The compress=0 parameter is required. Without it, the JDBC driver attempts to negotiate compression with the HTTP proxy, which causes connection errors.
DataGrip
DataGrip ships with ClickHouse driver version 0.9.4, which is not compatible with this connection. You need version 0.9.7 or higher. Follow the steps below to install a custom driver before configuring the connection.
Step 1: Download the driver
- Open the clickhouse-java repository on GitHub.
- Go to the Releases section and open the latest release (currently v0.9.8).
- Download the file ending in
-all-dependencies.jar.
Step 2: Install the custom driver in DataGrip
- Open Data Sources by pressing ⌘+; on macOS or going to File > Data Sources.
- Go to the Drivers tab.
- Select the ClickHouse driver from the list. If no ClickHouse driver exists, click + to create a new one.

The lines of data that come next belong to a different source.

lemma finite_in_ext:
  assumes "finite P"
  shows "finite {z. in_ext P z}"
proof -
  have "{z. in_ext P z} = insert NegInf (insert PosInf (Elem ` P))"
    by (auto simp: in_ext_def split: ext.splits) (metis ext.exhaust image_eqI)
  then show ?thesis
    using assms by simp
qed

lemma sorted_wrt_ext_less_distinct: "sorted_wrt ext_less zs \<Longrightarrow> distinct zs"
  by (induction zs) auto

lemma sorted_wrt_ext_less_nth_le:
  "sorted_wrt ext_less zs \<Longrightarrow> i \<le> j \<Longrightarrow> j < length zs \<Longrightarrow> zs ! i = zs ! j \<or> ext_less (zs ! i) (zs ! j)"
  by (metis le_neq_implies_less sorted_wrt_nth_less)

lemma sorted_wrt_ext_less_insert:
  assumes "sorted_wrt ext_less zs" "Suc i < length zs"
    and "ext_less (zs ! i) z" "ext_less z (zs ! Suc i)"
  shows "sorted_wrt ext_less (take (Suc i) zs @ z # drop (Suc i) zs)"
proof -
  have below: "ext_less w z" if w: "w \<in> set (take (Suc i) zs)" for w
  proof -
    obtain j where "j < length (take (Suc i) zs)" "w = take (Suc i) zs ! j"
      using w by (metis in_set_conv_nth)
    then have j: "j \<le> i" "w = zs ! j"
      by simp_all
    then have "w = zs ! i \<or> ext_less w (zs ! i)"
      using sorted_wrt_ext_less_nth_le[OF assms(1) j(1)] assms(2) by auto
    then show ?thesis
      using assms(3) ext_less_trans[of w "zs ! i" z] by auto
  qed
  have above: "ext_less z w" if w: "w \<in> set (drop (Suc i) zs)" for w
  proof -
    obtain j where "j < length (drop (Suc i) zs)" "w = drop (Suc i) zs ! j"
      using w by (metis in_set_conv_nth)
    then have j: "Suc i + j < length zs" "w = zs ! (Suc i + j)"
      by simp_all
    then have "zs ! Suc i = w \<or> ext_less (zs ! Suc i) w"
      using sorted_wrt_ext_less_nth_le[OF assms(1), of "Suc i" "Suc i + j"] by simp
    then show ?thesis
      using assms(4) ext_less_trans[of z "zs ! Suc i" w] by auto
  qed
  have "\<forall>a\<in>set (take (Suc i) zs). \<forall>b\<in>set (z # drop (Suc i) zs). ext_less a b"
  proof (intro ballI)
    fix a b assume a: "a \<in> set (take (Suc i) zs)" and "b \<in> set (z # drop (Suc i) zs)"
    then consider "b = z" | "b \<in> set (drop (Suc i) zs)"
      by auto
    then show "ext_less a b"
    proof cases
      case 1
      then show ?thesis using below[OF a] by simp
    next
      case 2
      then show ?thesis using ext_less_trans[OF below[OF a] above] by blast
    qed
  qed
  moreover have "sorted_wrt ext_less (z # drop (Suc i) zs)"
    using above sorted_wrt_drop[OF assms(1)] by simp
  ultimately show ?thesis
    using sorted_wrt_take[OF assms(1)] by (simp add: sorted_wrt_append)
qed

lemma sorted_wrt_ext_less_gap:
  assumes "sorted_wrt ext_less zs" "zs \<noteq> []" "ext_less (hd zs) z" "ext_less z (last zs)"
    and "z \<notin> set zs" "\<forall>w\<in>set zs. ext_less w z \<or> ext_less z w"
  shows "\<exists>i. Suc i < length zs \<and> ext_less (zs ! i) z \<and> ext_less z (zs ! Suc i)"
  using assms
proof (induction zs)
  case Nil
  then show ?case by simp
next
  case (Cons a zs)
  have "zs \<noteq> []"
    using Cons.prems(3,4) ext_less_trans[of a z a] by (cases zs) auto
  show ?case
  proof (cases "ext_less (hd zs) z")
    case True
    then obtain i where "Suc i < length zs" "ext_less (zs ! i) z" "ext_less z (zs ! Suc i)"
      using Cons.IH Cons.prems \<open>zs \<noteq> []\<close> by auto
    then show ?thesis
      by (intro exI[of _ "Suc i"]) simp
  next
    case False
    then have "ext_less z (zs ! 0)"
      using Cons.prems(5,6) \<open>zs \<noteq> []\<close> by (auto simp: hd_conv_nth)
    then show ?thesis
      using Cons.prems(3) \<open>zs \<noteq> []\<close> by (intro exI[of _ 0]) simp
  qed
qed

lemma sorted_wrt_ext_less_gap_comparable:
  assumes "sorted_wrt ext_less zs" "Suc i < length zs"
    and "ext_less (zs ! i) (Elem e)" "ext_less (Elem e) (zs ! Suc i)" "Elem c \<in> set zs"
  shows "c \<le> e \<or> e \<le> c"
proof -
  obtain m where m: "m < length zs" "zs ! m = Elem c"
    using assms(5) by (metis in_set_conv_nth)
  show ?thesis
  proof (cases "m \<le> i")
    case True
    then have "zs ! m = zs ! i \<or> ext_less (zs ! m) (zs ! i)"
      using sorted_wrt_ext_less_nth_le[OF assms(1) True] assms(2) by simp
    then have "ext_less (Elem c) (Elem e)"
      using assms(3) m(2) ext_less_trans[of "Elem c" "zs ! i" "Elem e"] by metis
    then show ?thesis
      by (simp add: less_imp_le)
  next
    case False
    then have "zs ! Suc i = zs ! m \<or> ext_less (zs ! Suc i) (zs ! m)"
      using sorted_wrt_ext_less_nth_le[OF assms(1), of "Suc i" m] m(1) by simp
    then have "ext_less (Elem e) (Elem c)"
      using assms(4) m(2) ext_less_trans[of "Elem e" "zs ! Suc i" "Elem c"] by metis
    then show ?thesis
      by (simp add: less_imp_le)
  qed
qed

text \<open>Take a longest such list; inserting a further element would make it longer.\<close>
lemma exists_unrefinable_sorted_list:
  assumes "finite S" "x \<in> S" "y \<in> S" "ext_less x y"
  obtains zs where "sorted_wrt ext_less zs" "zs \<noteq> []" "hd zs = x" "last zs = y" "set zs \<subseteq> S"
    and "\<And>i z. Suc i < length zs \<Longrightarrow> z \<in> S \<Longrightarrow> ext_less (zs ! i) z \<Longrightarrow> \<not> ext_less z (zs ! Suc i)"
proof -
  define L where "L zs \<longleftrightarrow> sorted_wrt ext_less zs \<and> zs \<noteq> [] \<and> hd zs = x \<and> last zs = y \<and> set zs \<subseteq> S"
    for zs
  have bounded: "\<forall>zs. L zs \<longrightarrow> length zs < Suc (card S)"
  proof (intro allI impI)
    fix zs assume "L zs"
    then have "length zs = card (set zs)" "set zs \<subseteq> S"
      by (auto simp: L_def distinct_card sorted_wrt_ext_less_distinct)
    then show "length zs < Suc (card S)"
      using card_mono[OF assms(1), of "set zs"] by simp
  qed
  have "L [x, y]"
    using assms by (simp add: L_def)
  then obtain zs where zs: "L zs" and longest: "\<And>ws. L ws \<Longrightarrow> length ws \<le> length zs"
    using ex_has_greatest_nat[OF _ bounded] by blast
  have zs_props: "sorted_wrt ext_less zs" "zs \<noteq> []" "hd zs = x" "last zs = y" "set zs \<subseteq> S"
    using zs by (simp_all add: L_def)
  show thesis
  proof (rule that[OF zs_props])
    fix i z assume i: "Suc i < length zs" and z: "z \<in> S" "ext_less (zs ! i) z"
    show "\<not> ext_less z (zs ! Suc i)"
    proof
      assume z_below: "ext_less z (zs ! Suc i)"
      let ?ws = "take (Suc i) zs @ z # drop (Suc i) zs"
      have "set zs = set (take (Suc i) zs) \<union> set (drop (Suc i) zs)"
        by (metis append_take_drop_id set_append)
      then have "set ?ws \<subseteq> S"
        using zs_props(5) z(1) by auto
      moreover have "hd ?ws = x"
        using i zs_props(3) by (cases zs) auto
      moreover have "last ?ws = y"
        using i zs_props(4) by (simp add: last_drop)
      moreover have "sorted_wrt ext_less ?ws"
        using sorted_wrt_ext_less_insert[OF zs_props(1) i z(2) z_below] .
      moreover have "?ws \<noteq> []"
        by simp
      ultimately have "L ?ws"
        unfolding L_def by blast
      then show False
        using longest[of ?ws] i by simp
    qed
  qed
qed

section \<open>Saturated chains and \<open>q\<^sup>(\<^sup>\<epsilon>\<^sup>)dist\<close>\<close>

definition sat_chains :: "'a::order set \<Rightarrow> 'a ext \<Rightarrow> 'a ext \<Rightarrow> 'a ext list set" where
  "sat_chains P x y = {zs. sat_chain P zs \<and> hd zs = x \<and> last zs = y}"

lemma not_sat_chain_Nil [simp]: "\<not> sat_chain P []"
  by (simp add: sat_chain_def)

lemma sat_chain_singleton [simp]: "sat_chain P [z] \<longleftrightarrow> in_ext P z"
  by (simp add: sat_chain_def)

lemma sat_chain_Cons2:
  "sat_chain P (a # b # zs) \<longleftrightarrow> covers_ext P a b \<and> sat_chain P (b # zs)"
proof -
  have "(\<forall>i. Suc i < length (a # b # zs) \<longrightarrow> covers_ext P ((a # b # zs) ! i) ((a # b # zs) ! Suc i))
    \<longleftrightarrow> covers_ext P a b \<and>
        (\<forall>i. Suc i < length (b # zs) \<longrightarrow> covers_ext P ((b # zs) ! i) ((b # zs) ! Suc i))"
    by (metis (no_types, lifting) Suc_less_eq length_Cons not0_implies_Suc nth_Cons_0 nth_Cons_Suc
        zero_less_Suc)
  then show ?thesis
    unfolding sat_chain_def covers_ext_def by auto
qed

lemma sat_chain_sorted: "sat_chain P zs \<Longrightarrow> sorted_wrt ext_less zs"
  unfolding sat_chain_def covers_ext_def
  by (simp add: sorted_wrt_iff_nth_Suc_transp[OF transp_ext_less])

lemma sat_chain_in_ext: "sat_chain P zs \<Longrightarrow> z \<in> set zs \<Longrightarrow> in_ext P z"
  by (simp add: sat_chain_def)

lemma sat_chain_length_le:
  assumes "finite P" "sat_chain P zs"
  shows "length zs \<le> card {z. in_ext P z}"
proof -
  have "length zs = card (set zs)"
    using sorted_wrt_ext_less_distinct[OF sat_chain_sorted[OF assms(2)]] by (simp add: distinct_card)
  also have "\<dots> \<le> card {z. in_ext P z}"
    using sat_chain_in_ext[OF assms(2)] by (intro card_mono[OF finite_in_ext[OF assms(1)]]) auto
  finally show ?thesis .
qed

lemma finite_sat_chains:
  assumes "finite P"
  shows "finite (sat_chains P x y)"
proof -
  have "sat_chains P x y \<subseteq> {zs. set zs \<subseteq> {z. in_ext P z} \<and> length zs \<le> card {z. in_ext P z}}"
    using sat_chain_length_le[OF assms] sat_chain_in_ext unfolding sat_chains_def by blast
  then show ?thesis
    using finite_lists_length_le[OF finite_in_ext[OF assms]] finite_subset by blast
qed

lemma sat_chain_append:
  "sat_chain P zs \<Longrightarrow> sat_chain P ws \<Longrightarrow> last zs = hd ws \<Longrightarrow> sat_chain P (zs @ tl ws)"
proof (induction zs rule: induct_list012)
  case 1
  then show ?case by (simp add: sat_chain_def)
next
  case (2 x)
  then show ?case by (cases ws) auto
next
  case (3 x y zs)
  then show ?case by (auto simp: sat_chain_Cons2)
qed

lemma sat_chain_take: "sat_chain P zs \<Longrightarrow> i < length zs \<Longrightarrow> sat_chain P (take (Suc i) zs)"
  unfolding sat_chain_def by (auto dest: in_set_takeD)

lemma sat_chain_drop: "sat_chain P zs \<Longrightarrow> i < length zs \<Longrightarrow> sat_chain P (drop i zs)"
  unfolding sat_chain_def by (auto dest: in_set_dropD)

lemma sat_chain_hd_less_last:
  assumes "sat_chain P zs" "2 \<le> length zs"
  shows "ext_less (hd zs) (last zs)"
proof -
  have "zs \<noteq> []"
    using assms(2) by auto
  then show ?thesis
    using sorted_wrt_nth_less[OF sat_chain_sorted[OF assms(1)], of 0 "length zs - 1"] assms(2)
    by (simp add: hd_conv_nth last_conv_nth)
qed

lemma sat_chain_length_ge_2: "sat_chain P zs \<Longrightarrow> hd zs \<noteq> last zs \<Longrightarrow> 2 \<le> length zs"
  by (cases zs; cases "tl zs") auto

lemma sat_chain_hd_eq_last:
  assumes "sat_chain P zs" "hd zs = last zs"
  shows "zs = [hd zs]"
proof -
  have "zs \<noteq> []" "\<not> 2 \<le> length zs"
    using assms sat_chain_hd_less_last[of P zs] by (auto simp: sat_chain_def)
  then show ?thesis
    by (cases zs; cases "tl zs") auto
qed

lemma sat_chain_covers_last: "sat_chain P (zs @ [u, v]) \<Longrightarrow> covers_ext P u v"
proof (induction zs)
  case Nil
  then show ?case by (simp add: sat_chain_Cons2)
next
  case (Cons a zs)
  then show ?case by (cases zs) (auto simp: sat_chain_Cons2)
qed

- If you are editing an existing driver, first remove the outdated driver file from the Driver Files list.
- In the General tab, go to Driver Files, click +, and choose Custom JARs…. Select the
-all-dependencies.jarfile you downloaded. - In the Class field, set or confirm the value:
com.clickhouse.jdbc.ClickHouseDriver - Click OK to save the driver.
Verify that the Class field is set to com.clickhouse.jdbc.ClickHouseDriver. Selecting an incorrect class will cause the connection to fail without a clear error message.
After saving, restart DataGrip so the new driver takes effect before continuing.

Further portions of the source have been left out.